WORK INSTRUCTIONS
Pull every line with "noteq" from the data.

SOURCE DATA
# # # # # # #
lemma col_steps_add_cols:
  fixes A :: "'a::ring_1 mat"
  assumes A: "A \<in> carrier_mat n n" and k: "k < n" and J: "J \<subseteq> {..<n}" "k \<notin> J"
  shows "(col_step n)\<^sup>*\<^sup>* A
    (mat n n (\<lambda>(r, l). if l = k then A $$ (r, k) + (\<Sum>j\<in>J. A $$ (r, j) * c j) else A $$ (r, l)))"
proof -
  have "finite J"
    using J(1) by (rule finite_subset) simp
  then show ?thesis
    using J
  proof (induction J rule: finite_induct)
    case empty
    have id: "mat n n (\<lambda>(r, l). if l = k then A $$ (r, k) + (\<Sum>j\<in>{}. A $$ (r, j) * c j) else A $$ (r, l)) = A"
      using A by (intro eq_matI) auto
    show ?case
      unfolding id ..
  next
    case (insert j J)
    let ?M = "mat n n (\<lambda>(r, l). if l = k then A $$ (r, k) + (\<Sum>j\<in>J. A $$ (r, j) * c j) else A $$ (r, l))"
    have j: "j < n" "j \<noteq> k"
      using insert.prems by auto
    have IH: "(col_step n)\<^sup>*\<^sup>* A ?M"
      using insert.IH insert.prems by simp
    have step: "col_step n ?M (col_op (c j) k j ?M)"
      unfolding col_step_def using j k by blast
    have eq: "col_op (c j) k j ?M
      = mat n n (\<lambda>(r, l). if l = k then A $$ (r, k) + (\<Sum>j\<in>insert j J. A $$ (r, j) * c j) else A $$ (r, l))"
      using j insert.hyps by (intro eq_matI) (auto simp: col_op_index add.assoc add.commute)
    show ?case
      unfolding eq[symmetric] using IH step by (rule rtranclp.rtrancl_into_rtrancl)
  qed
qed

lemma col_steps_add_col_multiples:
  fixes A :: "'a::ring_1 mat"
  assumes A: "A \<in> carrier_mat n n" and s: "s < n" and J: "J \<subseteq> {..<n}" "s \<notin> J"
  shows "(col_step n)\<^sup>*\<^sup>* A
    (mat n n (\<lambda>(r, l). if l \<in> J then A $$ (r, l) + A $$ (r, s) * c l else A $$ (r, l)))"
proof -
  have "finite J"
    using J(1) by (rule finite_subset) simp
  then show ?thesis
    using J
  proof (induction J rule: finite_induct)
    case empty
    have id: "mat n n (\<lambda>(r, l). if l \<in> {} then A $$ (r, l) + A $$ (r, s) * c l else A $$ (r, l)) = A"
      using A by (intro eq_matI) auto
    show ?case
      unfolding id ..
  next
    case (insert j J)
    let ?M = "mat n n (\<lambda>(r, l). if l \<in> J then A $$ (r, l) + A $$ (r, s) * c l else A $$ (r, l))"
    have j: "j < n" "j \<noteq> s"
      using insert.prems by auto
    have IH: "(col_step n)\<^sup>*\<^sup>* A ?M"
      using insert.IH insert.prems by simp
    have step: "col_step n ?M (col_op (c j) j s ?M)"
      unfolding col_step_def using j s by blast
    have eq: "col_op (c j) j s ?M
      = mat n n (\<lambda>(r, l). if l \<in> insert j J then A $$ (r, l) + A $$ (r, s) * c l else A $$ (r, l))"
      using j s insert.hyps insert.prems by (intro eq_matI) (auto simp: col_op_index)
    show ?case
      unfolding eq[symmetric] using IH step by (rule rtranclp.rtrancl_into_rtrancl)
  qed
qed

lemma col_steps_add_right_span:
  fixes A :: "'a::ring_1 mat"
  assumes A: "A \<in> carrier_mat n n" and k: "k < n"
    and v: "v \<in> right_span (\<lambda>j. A $$ (0, j)) ({..<n} - {k})"
  obtains B where "(col_step n)\<^sup>*\<^sup>* A B" "B \<in> carrier_mat n n" "B $$ (0, k) = A $$ (0, k) + v"
    "\<And>l. l < n \<Longrightarrow> l \<noteq> k \<Longrightarrow> B $$ (0, l) = A $$ (0, l)"
proof -
  obtain c where c: "v = (\<Sum>j\<in>{..<n} - {k}. A $$ (0, j) * c j)"
    using v unfolding right_span_def by blast
  let ?B = "mat n n (\<lambda>(r, l). if l = k then A $$ (r, k) + (\<Sum>j\<in>{..<n} - {k}. A $$ (r, j) * c j) else A $$ (r, l))"
  show thesis
  proof (rule that)
    show "(col_step n)\<^sup>*\<^sup>* A ?B"
      by (rule col_steps_add_cols[OF A k]) auto
    show "?B \<in> carrier_mat n n"
      by simp
    show "?B $$ (0, k) = A $$ (0, k) + v"
      using k c by simp
    show "?B $$ (0, l) = A $$ (0, l)" if "l < n" "l \<noteq> k" for l
      using that k by simp
  qed
qed

section \<open>Rows split by orthogonal idempotents\<close>

locale split_first_row =
  fixes n :: nat and u :: "nat \<Rightarrow> 'a::ring_1" and x :: "nat \<Rightarrow> nat \<Rightarrow> 'a" and f :: "nat \<Rightarrow> 'a"
  assumes right_inverse: "\<And>l. l < n \<Longrightarrow> (\<Sum>j<n. u j * x j l) = (if l = 0 then 1 else 0)"
    and split: "\<And>i j. i < n \<Longrightarrow> j < n \<Longrightarrow> f i * u j = (if i = j then u j else 0)"
begin

lemma mult_right_inverse_entry:
  assumes i: "i < n" and l: "l < n"
  shows "u i * x i l = (if l = 0 then f i else 0)"
proof -
  have "f i * (\<Sum>j<n. u j * x j l) = (\<Sum>j<n. (f i * u j) * x j l)"
    by (simp add: sum_distrib_left mult.assoc)
  also have "\<dots> = u i * x i l"
    using i by (simp add: split if_distrib[of "\<lambda>y. y * _"] sum.delta cong: if_cong)
  finally show ?thesis
    using right_inverse[OF l] by (cases "l = 0") auto
qed

definition g :: "nat \<Rightarrow> 'a" where
  "g j = x j 0 * u j"

lemma g_idempotent: "j < n \<Longrightarrow> g j * g j = g j"
  unfolding g_def using mult_right_inverse_entry[of j 0] split[of j j]
  by (simp add: mult.assoc) (metis mult.assoc)

lemma mult_g: "j < n \<Longrightarrow> u j * g j = u j"
  unfolding g_def using mult_right_inverse_entry[of j 0] split[of j j]
  by (simp add: mult.assoc[symmetric])

lemma complement_two_sided_ideal_eq_UNIV:
  assumes n: "2 \<le> n" and e: "e = u 0 * prod_list (map g [1..<n]) * s"
  shows "two_sided_ideal (1 - e) = UNIV"
proof (rule two_sided_ideal_one_minus_eq_UNIV)
  let ?h = "1 - f 0"
  have "?h * u 0 = 0"
    using split[of 0 0] n by (simp add: algebra_simps)
  then show "?h * e = 0"
    unfolding e by (simp add: mult.assoc[symmetric])
  have "?h * (u 1 * y) = u 1 * y" for y
    using split[of 0 1] n by (simp add: algebra_simps mult.assoc[symmetric])
  moreover have "[1..<n] = 1 # [2..<n]"
    using n by (simp add: upt_conv_Cons numeral_2_eq_2)
  ultimately show "e = (u 0 * x 1 0) * ?h * (u 1 * prod_list (map g [2..<n]) * s)"
    unfolding e g_def by (simp add: mult.assoc)
qed

lemma corner_two_sided_ideal_eq_UNIV:
  assumes n: "2 \<le> n" and a: "(\<Sum>k<n. a k * x k 1) = 1"
    and d: "d = u 0 * prod_list (map g [1..<n])" and e: "e = d * s" "e * e = e"
  shows "two_sided_ideal (1 - s * (e * d)) = UNIV"
proof (rule two_sided_ideal_eq_UNIV)
  let ?I = "two_sided_ideal (1 - s * (e * d))"
  have cancel: "v \<in> ?I" if "d * v \<in> ?I" for v
  proof -
    have "v = (1 - s * (e * d)) * v + (s * e) * (d * v)"
      by (simp add: algebra_simps)
    then show ?thesis
      using two_sided_ideal_add[OF two_sided_ideal_mult_right[OF two_sided_ideal_self]
          two_sided_ideal_mult_left[OF that]] by metis
  qed
  have "\<forall>h\<in>set (map g [1..<n]). 1 - h \<in> ?I"
    using cancel g_idempotent d
    by (intro one_minus_idempotent_factors_mem_two_sided_ideal[where c = "u 0"]) auto
  then have g_I: "1 - g j \<in> ?I" if "1 \<le> j" "j < n" for j
    using that by auto
  have P_I: "1 - prod_list (map g [1..<n]) \<in> ?I"
    by (rule one_minus_prod_list_mem_two_sided_ideal) (use g_I in auto)
  have "x k 1 \<in> ?I" if "k < n" for k
  proof (cases "k = 0")
    case True
    have "d * x 0 1 = (- u 0) * (1 - prod_list (map g [1..<n])) * x 0 1"
      using mult_right_inverse_entry[of 0 1] n unfolding d by (simp add: algebra_simps)
    also have "\<dots> \<in> ?I"
      by (intro two_sided_ideal_mult_right two_sided_ideal_mult_left P_I)
    finally show ?thesis
      using True cancel by simp
  next
    case False
    have "(1 - g k) * x k 1 = x k 1"
      using mult_right_inverse_entry[of k 1] n that unfolding g_def by (simp add: algebra_simps)
    moreover have "(1 - g k) * x k 1 \<in> ?I"
      using g_I[of k] that False by (simp add: two_sided_ideal_mult_right)
    ultimately show ?thesis
      by simp
  qed
  then show "1 \<in> ?I"
    using a two_sided_ideal_sum[of "{..<n}" "\<lambda>k. a k * x k 1"] two_sided_ideal_mult_left by fastforce
qed

end

section \<open>Normalising the first row\<close>

text \<open>After k steps the first k entries are split off by \<open>f 0, \<dots>, f (k - 1)\<close>; the last member
  \<open>f k\<close> of the complete orthogonal family is the remainder that the next step refines.\<close>

lemma col_steps_split_first_row_upto:
  fixes A X :: "'a::ring_1 mat"
  assumes ex: "exchange_ring TYPE('a)" and A: "A \<in> carrier_mat n n" and X: "X \<in> carrier_mat n n"
    and AX: "A * X = 1\<^sub>m n"
  shows "k \<le> n \<Longrightarrow> \<exists>B f. (col_step n)\<^sup>*\<^sup>* A B \<and> orthogonal_idempotents f {..k} \<and> (\<Sum>i\<le>k. f i) = 1 \<and>
    (\<forall>i<k. f i * B $$ (0, i) = B $$ (0, i) \<and> (\<exists>r. f i = B $$ (0, i) * r))"
proof (induction k)
  case 0
  have "orthogonal_idempotents (\<lambda>_. 1) {..0::nat}"
    unfolding orthogonal_idempotents_def by simp
  then show ?case
    by force
next
  case (Suc k)
  then obtain B f where AB: "(col_step n)\<^sup>*\<^sup>* A B" and f: "orthogonal_idempotents f {..k}"
    and f_sum: "(\<Sum>i\<le>k. f i) = 1"
    and f_row: "\<And>i. i < k \<Longrightarrow> f i * B $$ (0, i) = B $$ (0, i) \<and> (\<exists>r. f i = B $$ (0, i) * r)"
    by auto
  have k: "k < n"
    using Suc.prems by simp
  obtain Y where B: "B \<in> carrier_mat n n" and Y: "Y \<in> carrier_mat n n" and BY: "B * Y = 1\<^sub>m n"
    using col_steps_right_inverse[OF AB A X AX] .
  let ?u = "\<lambda>j. B $$ (0, j)"
  have uY: "(\<Sum>j<n. ?u j * Y $$ (j, 0)) = 1"
    using mult_mat_eq_one_index_sum[OF B Y BY, of 0 0] k by simp
  have f_span: "\<exists>r. f i = ?u i * r" if "i < k" for i
    using f_row[OF that] by blast
  obtain e e' where e: "e * e = e" "e' * e' = e'" "e * e' = 0" "e' * e = 0" "e + e' = f k"
    and e_in: "\<exists>t. e = f k * ?u k * t" and e_span: "1 - e \<in> right_span ?u ({..<n} - {k})"
    by (rule exchange_refine_by_unimodular_row[OF ex f f_sum f_span k uY])
  obtain B' where BB': "(col_step n)\<^sup>*\<^sup>* B B'" and B'k: "B' $$ (0, k) = ?u k + (1 - e) * - ?u k"
    and B'l: "\<And>l. l < n \<Longrightarrow> l \<noteq> k \<Longrightarrow> B' $$ (0, l) = ?u l"
    using col_steps_add_right_span[OF B k right_span_mult_right[OF e_span]] by blast
  have B'k': "B' $$ (0, k) = e * ?u k"
    using B'k by (simp add: algebra_simps)
  define f' where "f' = f(k := e, Suc k := e')"
  have "orthogonal_idempotents f' {..Suc k}"
    unfolding f'_def atMost_Suc using orthogonal_idempotents_refine[OF f _ _ e] by simp
  moreover have "(\<Sum>i\<le>Suc k. f' i) = 1"
    using f_sum e(5) by (simp add: f'_def atMost_Suc lessThan_Suc_atMost[symmetric] add.assoc)
  moreover have "f' i * B' $$ (0, i) = B' $$ (0, i) \<and> (\<exists>r. f' i = B' $$ (0, i) * r)" if "i < Suc k" for i
  proof (cases "i = k")
    case True
    obtain t where t: "e = f k * ?u k * t"
      using e_in by blast
    have "e * f k = e"
      using e by (simp flip: e(5) add: algebra_simps)
    then have "e = B' $$ (0, k) * t"
      using e(1) t B'k' by (metis mult.assoc)
    then show ?thesis
      using True e(1) B'k' by (auto simp: f'_def mult.assoc[symmetric])
  next
    case False
    then show ?thesis
      using that f_row[of i] B'l[of i] k by (simp add: f'_def)
  qed
  ultimately show ?case
    using AB BB' by (meson rtranclp_trans)
qed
# # # # # # #
RESPONSE TO THE TASK
    have j: "j < n" "j \<noteq> k"
    have j: "j < n" "j \<noteq> s"
    "\<And>l. l < n \<Longrightarrow> l \<noteq> k \<Longrightarrow> B $$ (0, l) = A $$ (0, l)"
    show "?B $$ (0, l) = A $$ (0, l)" if "l < n" "l \<noteq> k" for l
    and B'l: "\<And>l. l < n \<Longrightarrow> l \<noteq> k \<Longrightarrow> B' $$ (0, l) = ?u l"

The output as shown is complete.